Unbounded EMR choices defeat improved patient outcomes, reimbursement efficiencies

The medical industry is growing at an unprecedented pace but its ability to take care of its insured continues to be hampered by the lack of Electronic Medical Record (EMR) standardization.

Choice may be a good thing for consumers and what they have available to select from regarding items such as groceries, gas stations, department stores and motor vehicles. But, in order for medical providers to truly make advances in patient care they will need to have a smaller sampling of EMR software available.

Microsoft Office 98 Macintosh Edition

Microsoft Office 98 Macintosh Edition (Photo credit: Wikipedia)

Healthcare consumers are able to choose their doctors depending on what plan they have. What they don’t know when they sign on is the type of EMR their providers are using. This is important for a variety of reasons, not the least of which is the recent transition to the ICD-10 diagnosis medical coding model the rest of the modern world has been using for over 20 years.

The business world struggled for a period of time with non-standard office productivity software and the lack of standardization initially somewhat held back the global economy’s boom. If variation is the enemy of quality, it was certainly the enemy of the business world in the form of too much office productivity software suite choices. But, it didn’t take long for Microsoft to outmarket its rivals and install Microsoft Office as the gold standard of all things word processing, spreadsheet and presentation software in the business world.

What Microsoft and Office did for the business world’s productivity must be done by one of the producers of literally dozens of EMR software suites available today. As I said earlier, choice is good when it comes to consumers and certain goods. Choice was not good for office productivity and the business world’s advances. Nor is it good for either patients or medical providers themselves, when it comes to EMR, because it hinders the ability to be connected, to have vital information flowing from facility to facility and from provider to provider.

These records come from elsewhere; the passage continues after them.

lemma sum_card_Collect_swap:
  assumes "finite A" "finite B"
  shows "(\<Sum>a\<in>A. card {b \<in> B. R a b}) = (\<Sum>b\<in>B. card {a \<in> A. R a b})"
proof -
  have "(\<Sum>a\<in>A. card {b \<in> B. R a b}) = (\<Sum>a\<in>A. \<Sum>b\<in>B. if R a b then 1 else 0)"
    using assms by (simp add: sum.If_cases Int_def)
  also have "\<dots> = (\<Sum>b\<in>B. \<Sum>a\<in>A. if R a b then 1 else 0)"
    by (rule sum.swap)
  also have "\<dots> = (\<Sum>b\<in>B. card {a \<in> A. R a b})"
    using assms by (simp add: sum.If_cases Int_def)
  finally show ?thesis .
qed

lemma a0_Suc:
  assumes "1 \<le> n"
  shows "a0 (Suc n) = 2 * n * a0 n + 2 * a1 n"
proof -
  have last: "\<exists>!a. a \<in> {1..2 * n + 1} \<and> (a, 2 * n + 2) \<in> M" if "M \<in> matchings (Suc n)" for M
    using matching_last_partner[OF that] matching_arc_bounds[OF that] by fastforce
  have "a0 (Suc n) = (\<Sum>a = 1..2 * n + 1. card {M \<in> matchings (Suc n). (a, 2 * n + 2) \<in> M \<and> avoids_21 M})"
    unfolding a0_eq_card_avoids_21 using last finite_matchings
    by (intro card_Collect_eq_sum_unique) auto+
  also have "\<dots> = (\<Sum>a = 1..2 * n + 1. card {N \<in> matchings n. avoids_21 (insert_arc a (2 * n + 2) N)})"
    by (intro sum.cong refl card_matchings_with_arc) auto+
  also have "\<dots> = (\<Sum>N\<in>matchings n. card {a \<in> {1..2 * n + 1}. avoids_21 (insert_arc a (2 * n + 2) N)})"
    by (rule sum_card_Collect_swap) (simp_all add: finite_matchings)
  also have "\<dots> = (\<Sum>N\<in>matchings n. (if avoids_21 N then 2 * n else 0) + (if exactly_one_21 N then 2 else 0))"
    using card_avoiding_last_partners assms by simp
  also have "\<dots> = 2 * n * a0 n + 2 * a1 n"
    unfolding a0_eq_card_avoids_21 a1_def
    by (simp add: sum.distrib sum.If_cases finite_matchings Int_def mult.commute)
  finally show ?thesis .
qed

lemma endhered_21_at_insert_nested_arc:
  assumes N: "partial_matching N" and cd: "c < d" and arc: "(c - 1, d - 1) \<in> N"
    and occ: "endhered_21_at N x y" and x: "x \<noteq> c - 1"
  shows "endhered_21_at (insert_arc c d N) (skip c d x) (skip c d y)"
proof (rule endhered_21_at_insert_arcI[OF cd _ occ])
  have arcs: "(x, y) \<in> N" "(Suc x, y - 1) \<in> N"
    using occ unfolding endhered_21_at_def by auto
  have "1 \<le> x" "Suc x < y - 1" "1 \<le> c - 1" "c - 1 < d - 1"
    using partial_matching_arc[OF N] arcs arc by auto
  show "0 < y"
    using \<open>Suc x < y - 1\<close> by simp
  show "Suc (skip c d x) \<notin> {c, d}"
  proof
    assume "Suc (skip c d x) \<in> {c, d}"
    then consider "x = c - 1" | "Suc x = d - 1"
      using cd unfolding skip_def by (auto split: if_splits)
    then show False
    proof cases
      case 2
      then show False
        using partial_matching_arcs_eq[OF N arcs(2) arc] \<open>c - 1 < d - 1\<close> by simp
    qed (use x in simp)
  qed
  show "Suc (skip c d (y - 1)) \<notin> {c, d}"
  proof
    assume "Suc (skip c d (y - 1)) \<in> {c, d}"
    then consider "y - 1 = c - 1" | "y = d - 1"
      using cd \<open>Suc x < y - 1\<close> unfolding skip_def by (auto split: if_splits)
    then show False
    proof cases
      case 1
      then show False
        using partial_matching_arcs_eq[OF N arcs(2) arc] \<open>c - 1 < d - 1\<close> by simp
    next
      case 2
      then show False
        using partial_matching_arcs_eq[OF N arcs(1) arc] x by simp
    qed
  qed
qed
(* Consider the closed-loop system described in the context, with the switching controller defined as follows: fix $\Delta_{\min}=:\Delta_0<\Delta_1<\dots<\Delta_r:=\Delta_{\max}$, set $\mathcal{E}_1:=[\Delta_0,\Delta_1]$ and $\mathcal{E}_p:=(\Delta_{p-1},\Delta_p]$ for $p=2,\dots,r$, let $K_1,\dots,K_r\in\mathbb{R}^{n_u\times n_y}$ be given, and let $u[k]=K_p\tilde y[k]$ whenever $E[k]\in\mathcal{E}_p$. Let $\sigma\in(0,1]$ and $\gamma>0$. For $\bm j=(j_1,\dots,j_{n_y})\in\mathcal{J}_{n_y}$ let $\Lambda_{\bm j}:=\mathrm{diag}(\lambda_1 j_1,\dots,\lambda_{n_y}j_{n_y})$. Suppose there exist a positive definite matrix $P\in\mathbb{R}^{n_x\times n_x}$ and, for $p=1,\dots,r$ and $\bm j\in\mathcal{J}_{n_y}$, symmetric matrices with nonnegative entries $$\begin{bmatrix} L_{p,\bm j} & N_{p,\bm j}\\ N_{p,\bm j}^{\top} & M_{p,\bm j}\end{bmatrix}\in\mathbb{R}^{2n_y\times 2n_y}\quad(L_{p,\bm j},M_{p,\bm j},N_{p,\bm j}\in\mathbb{R}^{n_y\times n_y}),$$ and symmetric matrices $Z_{p,\bm j}\in\mathbb{R}^{n_y\times n_y}$, such that for every $p=1,\dots,r$ and every $\bm j\in\mathcal{J}_{n_y}$, $$\begin{bmatrix}\Gamma_{p,\bm j} & \Phi_{p,\bm j}\\ \Phi_{p,\bm j}^{\top} & \Xi_{p,\bm j}\end{bmatrix}\succ 0,$$ where $N^+_{p,\bm j}:=N_{p,\bm j}+N_{p,\bm j}^{\top}$, $N^-_{p,\bm j}:=N_{p,\bm j}-N_{p,\bm j}^{\top}$, $$R_{p,\bm j}:=\begin{bmatrix} L_{p,\bm j}+M_{p,\bm j}+N^+_{p,\bm j} & L_{p,\bm j}-M_{p,\bm j}-N^-_{p,\bm j}\\ (L_{p,\bm j}-M_{p,\bm j}-N^-_{p,\bm j})^{\top} & L_{p,\bm j}+M_{p,\bm j}+Z_{p,\bm j}\end{bmatrix},$$ $\Gamma_{p,\bm j}:=\mathrm{diag}(\sigma^2P,\ \gamma^2 I_{n_w},\ N^+_{p,\bm j}+Z_{p,\bm j})$, $\Xi_{p,\bm j}:=\mathrm{diag}(P,\ I_{n_z},\ R_{p,\bm j})$, and $$\Phi_{p,\bm j}:=\begin{bmatrix} A+BK_pC & BK_pD & BK_p\\ F&0&0\\ \Delta_p\Lambda_{\bm j}C & \Delta_p\Lambda_{\bm j}D & 0\\ 0&0&I_{n_y}\end{bmatrix}^{\top}\Xi_{p,\bm j}.$$ Then: (i) the closed-loop system is practically stable with an ultimate bound of the form $\eta=\rho\cdot\max_{i=1,\dots,n_y}\big((\Delta_{\max}\lambda_i+1)\bar w\|D\|_\infty+\delta_i\big)$ for some $\rho\ge 0$, i.e., for every $\bar w\ge0$, $\|w[k]\|_\infty\le\bar w$ for all $k\in\mathbb{Z}_+$ implies $\limsup_{k\to\infty}\|x[k]\|\le\eta$; (ii) the closed-loop system has decay rate $\sigma$; and (iii) its $\ell^2$-gain from $w$ to $z$ is less than or equal to $\gamma$.
   Context: Plant (discrete time, $k\in\mathbb{Z}_+$): $x[k+1]=Ax[k]+Bu[k]$, $y[k]=Cx[k]+Dw[k]$, $z[k]=Fx[k]$, with $x[k]\in\mathbb{R}^{n_x}$, $u[k]\in\mathbb{R}^{n_u}$, $y[k]=[y_1[k],\dots,y_{n_y}[k]]^\top\in\mathbb{R}^{n_y}$, noise $w[k]\in\mathbb{R}^{n_w}$, performance output $z[k]\in\mathbb{R}^{n_z}$. Event-triggered try-once-discard protocol: fix $\Delta_{\max}>\Delta_{\min}\ge0$, $\lambda_i>0$, $\delta_i\ge0$ ($i=1,\dots,n_y$). Let $l^i_k$ be the latest time $\le k$ at which $y_i$ was transmitted (with some stored initial released value). At each $k$, compute $e_i'[k]:=y_i[l^i_{k-1}]-y_i[k]$ and $E_i':=\frac{|e_i'[k]|-\delta_i}{\lambda_i|y_i[k]|}$ (convention: $\alpha/0=+\infty$ for $\alpha>0$, $\beta/0=-\infty$ for $\beta\le0$). Rule: if $\max_iE_i'<\Delta_{\min}$, nothing is transmitted; if $\max_iE_i'\ge\Delta_{\max}$, all $y_i[k]$ with $E_i'\ge\Delta_{\max}$ are transmitted; otherwise a single $y_i[k]$ achieving $E_i'=\max_iE_i'$ is transmitted (any one if ties). If $y_i[k]$ is transmitted then $l^i_k=k$, otherwise $l^i_k=l^i_{k-1}$. Define $E[k]:=\Delta_{\min}$ if $\max_iE_i'<\Delta_{\min}$, $E[k]:=\Delta_{\max}$ if $\max_iE_i'\ge\Delta_{\max}$, and $E[k]:=\max_iE_i'$ otherwise. Let $\tilde y[k]:=[y_1[l^1_k],\dots,y_{n_y}[l^{n_y}_k]]^\top$; the controller is $u[k]=K(E[k])\tilde y[k]$. Notation: $\|\cdot\|$ Euclidean norm; $\|v\|_\infty=\max_i|v_i|$ and $\|D\|_\infty$ is the induced matrix norm; $\mathcal{J}_n:=\{(j_1,\dots,j_n): j_p\in\{1,-1\}\}$; $\succ0$ means symmetric positive definite; $\ell^2$ is the space of square-summable sequences on $\mathbb{Z}_+$ with $\|v\|_{\ell^2}=(\sum_k v[k]^\top v[k])^{1/2}$. Definitions: the closed-loop system is practically stable if for every $\bar w\ge0$ there is $\eta\ge0$ with $\|w[k]\|_\infty\le\bar w\ \forall k\Rightarrow\limsup_{k\to\infty}\|x[k]\|\le\eta$. It has decay rate $\sigma$ if there is $M\ge1$ such that whenever $w[k]=0$ for all $k$ and $\delta_i=0$ for all $i$, $\|x[k]\|\le M\sigma^k\|x[0]\|$ for all $k\in\mathbb{Z}_+$. Its $\ell^2$-gain (for $w\in\ell^2$) is at most $\gamma$ if, whenever $x[0]=0$ and $\delta_i=0$ for all $i$, $z\in\ell^2$ and $\|z\|_{\ell^2}\le\gamma\|w\|_{\ell^2}$. *)

theory Defs
  imports "Jordan_Normal_Form.Matrix" "HOL-Library.Extended_Real" "HOL-Library.Liminf_Limsup"
begin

This interconnectivity and efficient flow of critical medical data can be the difference to great advances in medical care as well as saving lives.

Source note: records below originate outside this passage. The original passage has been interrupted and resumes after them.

lemma set_inv_hom_preimage:
  assumes "group_hom G H f" "\<And>y. y \<in> V \<Longrightarrow> inv\<^bsub>H\<^esub> y \<in> V"
  shows "set_inv\<^bsub>G\<^esub> {g \<in> carrier G. f g \<in> V} = {g \<in> carrier G. f g \<in> V}"
proof -
  interpret f: group_hom G H f by (rule assms(1))
  have inv_mem: "inv\<^bsub>G\<^esub> g \<in> {g \<in> carrier G. f g \<in> V}" if "g \<in> {g \<in> carrier G. f g \<in> V}" for g
    using that assms(2) by (simp add: f.hom_inv)
  show ?thesis
  proof
    show "set_inv\<^bsub>G\<^esub> {g \<in> carrier G. f g \<in> V} \<subseteq> {g \<in> carrier G. f g \<in> V}"
      unfolding SET_INV_def using inv_mem by blast
    show "{g \<in> carrier G. f g \<in> V} \<subseteq> set_inv\<^bsub>G\<^esub> {g \<in> carrier G. f g \<in> V}"
    proof
      fix g assume "g \<in> {g \<in> carrier G. f g \<in> V}"
      then have "g = inv\<^bsub>G\<^esub> (inv\<^bsub>G\<^esub> g)" "inv\<^bsub>G\<^esub> g \<in> {g \<in> carrier G. f g \<in> V}"
        using inv_mem by simp_all
      then show "g \<in> set_inv\<^bsub>G\<^esub> {g \<in> carrier G. f g \<in> V}" unfolding SET_INV_def by blast
    qed
  qed
qed

lemma sigma_syndetic_hom_preimage:
  assumes "topological_group H Y" "second_countable Y" "group_hom G H f"
    and "openin Y V" "\<one>\<^bsub>H\<^esub> \<in> V"
  shows "sigma_syndetic G {g \<in> carrier G. f g \<in> V}"
proof -
  interpret f: group_hom G H f by (rule assms(3))
  have "topspace Y = carrier H" using assms(1) unfolding topological_group_def by auto
  define T where "T g = {y \<in> topspace Y. inv\<^bsub>H\<^esub> (f g) \<otimes>\<^bsub>H\<^esub> y \<in> V}" for g
  have T_open: "openin Y (T g)" if "g \<in> carrier G" for g
  proof -
    have "continuous_map Y Y (\<lambda>y. inv\<^bsub>H\<^esub> (f g) \<otimes>\<^bsub>H\<^esub> y)"
      using that by (intro topological_group_continuous_map_left_mult[OF assms(1)]) simp
    then show ?thesis unfolding T_def by (rule openin_continuous_map_preimage[OF _ assms(4)])
  qed
  have "f g \<in> T g" if "g \<in> carrier G" for g
  proof -
    have "f g \<in> carrier H" "inv\<^bsub>H\<^esub> (f g) \<otimes>\<^bsub>H\<^esub> f g = \<one>\<^bsub>H\<^esub>" using that by simp_all
    then show ?thesis unfolding T_def using assms(5) \<open>topspace Y = carrier H\<close> by simp
  qed
  then have "f ` carrier G \<subseteq> \<Union>(T ` carrier G)" by blast
  moreover have "\<forall>U\<in>T ` carrier G. openin Y U" using T_open by blast
  moreover have sub: "f ` carrier G \<subseteq> topspace Y"
    unfolding \<open>topspace Y = carrier H\<close> using f.hom_closed by blast
  moreover have "Lindelof_space (subtopology Y (f ` carrier G))"
    using assms(2) by (intro second_countable_imp_Lindelof_space second_countable_subtopology)
  ultimately have "\<exists>\<V>. countable \<V> \<and> \<V> \<subseteq> T ` carrier G \<and> f ` carrier G \<subseteq> \<Union>\<V>"
    unfolding Lindelof_space_subtopology_subset[OF sub] by simp
  then obtain C where C: "countable C" "C \<subseteq> carrier G" "f ` carrier G \<subseteq> \<Union>(T ` C)"
    unfolding ex_countable_subset_image by blast
  have "g \<in> (\<Union>c\<in>C. c <#\<^bsub>G\<^esub> {g \<in> carrier G. f g \<in> V})" if g: "g \<in> carrier G" for g
  proof -
    obtain c where "c \<in> C" "f g \<in> T c" using C(3) g by blast
    then have c: "c \<in> carrier G" "inv\<^bsub>H\<^esub> (f c) \<otimes>\<^bsub>H\<^esub> f g \<in> V"
      using C(2) unfolding T_def by auto
    then have "g = c \<otimes>\<^bsub>G\<^esub> (inv\<^bsub>G\<^esub> c \<otimes>\<^bsub>G\<^esub> g)" "f (inv\<^bsub>G\<^esub> c \<otimes>\<^bsub>G\<^esub> g) \<in> V"
      using g by (simp_all add: f.G.m_assoc[symmetric] f.hom_inv)
    then have "g \<in> c <#\<^bsub>G\<^esub> {g \<in> carrier G. f g \<in> V}"
      using g c(1) unfolding l_coset_def by blast
    with \<open>c \<in> C\<close> show ?thesis by blast
  qed
  with C(1,2) show ?thesis unfolding sigma_syndetic_def by blast
qed

lemma image_metric_nbhd_set_pow_subset:
  assumes "group_hom G H f" "Metric_space (carrier G) d"
    and left_invariant: "\<And>g x y. \<lbrakk>g \<in> carrier G; x \<in> carrier G; y \<in> carrier G\<rbrakk>
        \<Longrightarrow> d (g \<otimes>\<^bsub>G\<^esub> x) (g \<otimes>\<^bsub>G\<^esub> y) = d x y"
    and "A \<subseteq> carrier G" "f ` A \<subseteq> V" "f ` Metric_space.mball (carrier G) d \<one>\<^bsub>G\<^esub> \<epsilon> \<subseteq> V"
  shows "f ` metric_nbhd G d (set_pow G A k) \<epsilon> \<subseteq> set_pow H V (Suc k)"
proof
  interpret f: group_hom G H f by (rule assms(1))
  interpret M: Metric_space "carrier G" d by (rule assms(2))
  fix y assume "y \<in> f ` metric_nbhd G d (set_pow G A k) \<epsilon>"
  then obtain g a where ga: "g \<in> carrier G" "a \<in> set_pow G A k" "d g a < \<epsilon>" "y = f g"
    unfolding metric_nbhd_def by blast
  have a: "a \<in> carrier G"
    using set_pow_subset_carrier[OF f.G.is_group assms(4)] ga(2) by blast
  have "d \<one>\<^bsub>G\<^esub> (inv\<^bsub>G\<^esub> a \<otimes>\<^bsub>G\<^esub> g) = d (inv\<^bsub>G\<^esub> a \<otimes>\<^bsub>G\<^esub> a) (inv\<^bsub>G\<^esub> a \<otimes>\<^bsub>G\<^esub> g)"
    using a by simp
  also have "\<dots> = d a g" using a ga(1) by (intro left_invariant) simp_all
  also have "\<dots> = d g a" by (rule M.commute)
  finally have "inv\<^bsub>G\<^esub> a \<otimes>\<^bsub>G\<^esub> g \<in> M.mball \<one>\<^bsub>G\<^esub> \<epsilon>" using ga a by simp
  then have "f (inv\<^bsub>G\<^esub> a \<otimes>\<^bsub>G\<^esub> g) \<in> V" using assms(6) by blast
  moreover have "f a \<in> set_pow H V k"
    using image_set_pow_subset[OF assms(1,4)] set_pow_mono[OF assms(5)] ga(2) by blast
  moreover have "f g = f a \<otimes>\<^bsub>H\<^esub> f (inv\<^bsub>G\<^esub> a \<otimes>\<^bsub>G\<^esub> g)"
    using a ga(1) by (simp add: f.G.m_assoc[symmetric] flip: f.hom_mult)
  ultimately show "y \<in> set_pow H V (Suc k)" using ga(4) by (auto simp: set_mult_def)
qed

In order to understand what I’m suggesting, one must look back in time to when the world was still on dial-up modem Internet connections. WordPerfect was battling Microsoft Word for control of the business world at large. There were several “free” software suites available (still are) that while cost-effective, ultimately proved deficient compared to Microsoft Office. This was very much part of the plan by the Redmond, Washington software giant.

Microsoft won the computer desktop war over Apple and Linux. They also won the office productivity suite software battle, and not necessarily by offering the best product. By utilizing a brilliant strategy of frequent updates that not only quashed bugs but enabled separation from the pack in the form of compatibility problems that arose when working in and viewing .doc, .xls and .ppt file formats in other software suites, Microsoft pulled away from its competitors in a relatively short time.

Crystal 128 kspread.

Crystal 128 kspread. (Photo credit: Wikipedia)

What also permitted Microsoft dominance in the business world was its long marketing arm. Microsoft took a snack food approach to its Office business suite marketing. It drilled, drilled, drilled consumers and professionals alike until they were buying Office not always because they wanted it, but because they couldn’t avoid it. One need look no further than Apple for evidence here, as while Apple has tried to always have some office productivity software of its own on the Mac, they also allowed consumers the choice of paying for Microsoft Office for the Mac—and Apple fans did so in droves making it one of Microsoft’s most profitable software segments.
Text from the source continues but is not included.